The median age at treatment start was 50 years (range, 13-68). Forty-seven % of skull base tumors were Chordoma, 29.4 % Chondrosarcoma, 5.9 % Meningioma, and 17.7% head and neck cancers.

Patients received a mean tumor dose of 71.1 Gy (RBE) (range, 52-77.8) and a mean cochlear dose of 37 Gy (RBE) (range, 0.03-72.7).

After a median follow up of 11 months (2-107,),  16 patients (31%) had an unchanged hearing ability, 11  (22%) patients presented with mild hearing loss 15-25 dB (CTCAE Grade 1) and 24 patients (47%) a hearing loss >25 dB (CTCAE Grade > 2), respectively. No improved hearing ability was recorded.

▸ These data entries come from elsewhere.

lemma self_similar_integral_mult:
  assumes "self_similar M X \<beta>" "\<And>t. 0 \<le> t \<Longrightarrow> X t \<in> borel_measurable M" "0 < a" "a \<le> b"
  shows "integral\<^sup>L M (\<lambda>\<omega>. X a \<omega> * X b \<omega>) = a powr (2*\<beta>) * cov_phi M X (b/a)"
proof -
  define I where "I = {1, b/a}"
  define g where "g f = f 1 * f (b/a)" for f :: "real \<Rightarrow> real"
  have I: "finite I" "I \<subseteq> {0..}" "1 \<in> I" "b/a \<in> I" using assms by (auto simp: I_def)
  have g: "g \<in> borel_measurable (Pi\<^sub>M I (\<lambda>_. borel))"
    unfolding g_def using I by (intro borel_measurable_times measurable_component_singleton)
  have scaled: "(\<lambda>\<omega>. \<lambda>t\<in>I. X (a * t) \<omega>) \<in> M \<rightarrow>\<^sub>M Pi\<^sub>M I (\<lambda>_. borel)"
    using I assms by (intro measurable_restrict) auto
  have multiplied: "(\<lambda>\<omega>. \<lambda>t\<in>I. a powr \<beta> * X t \<omega>) \<in> M \<rightarrow>\<^sub>M Pi\<^sub>M I (\<lambda>_. borel)"
    using I assms by (intro measurable_restrict borel_measurable_times) auto
  have "integral\<^sup>L M (\<lambda>\<omega>. X a \<omega> * X b \<omega>) = integral\<^sup>L M (\<lambda>\<omega>. g (\<lambda>t\<in>I. X (a * t) \<omega>))"
    using assms I by (simp add: g_def)
  also have "\<dots> = integral\<^sup>L (distr M (Pi\<^sub>M I (\<lambda>_. borel)) (\<lambda>\<omega>. \<lambda>t\<in>I. X (a * t) \<omega>)) g"
    by (rule integral_distr[symmetric, OF scaled g])
  also have "\<dots> = integral\<^sup>L (distr M (Pi\<^sub>M I (\<lambda>_. borel)) (\<lambda>\<omega>. \<lambda>t\<in>I. a powr \<beta> * X t \<omega>)) g"
    using assms(1) I(1,2) \<open>0 < a\<close> unfolding self_similar_def by simp
  also have "\<dots> = integral\<^sup>L M (\<lambda>\<omega>. g (\<lambda>t\<in>I. a powr \<beta> * X t \<omega>))"
    by (rule integral_distr[OF multiplied g])
  also have "\<dots> = a powr (2*\<beta>) * cov_phi M X (b/a)"
  proof -
    have "a powr (2*\<beta>) = a powr \<beta> * a powr \<beta>" by (simp flip: powr_add)
    then show ?thesis using I by (simp add: g_def cov_phi_def mult_ac)
  qed
  finally show ?thesis .
qed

The analysis of the PTA for each ear before the start of PBS-PT revealed that  65 ears had a normal hearing threshold of < 20 dB (excellent-good) but in 37 ears hearing was already moderate to severe impaired (35-95 dB) and one patient even had a complete hearing loss in one ear (>95 dB).  

Median PTA for all ears was 15 dB (IQR 15) and increased after PBS-PT to 23.7 dB (IQR 35) indicating a hearing impairment.

In 35 patients, the hearing test also included information on bone conduction allowing determining the type of hearing loss.  Sensorineural (43%) or mixed (40%) hearing loss was the most common cause for hearing deterioration. 

In the linear mixed effect model, mean cochlear dose (p<0.01), baseline PTA (p<0.01), age (p=0.03), and time after PBS-PS  (p<0.01) could be identified as significant negative factors influencing hearing function.

Conclusion

The majority of skull base tumor patients had hearing impairment after PBS-PT. About half of the hearing loss identified was purely sensorineural while the other half had a combination of conductive and sensorineural hearing loss. Cochlear dose, baseline PTA, age and time after treatment are significant factors for hearing loss after proton therapy.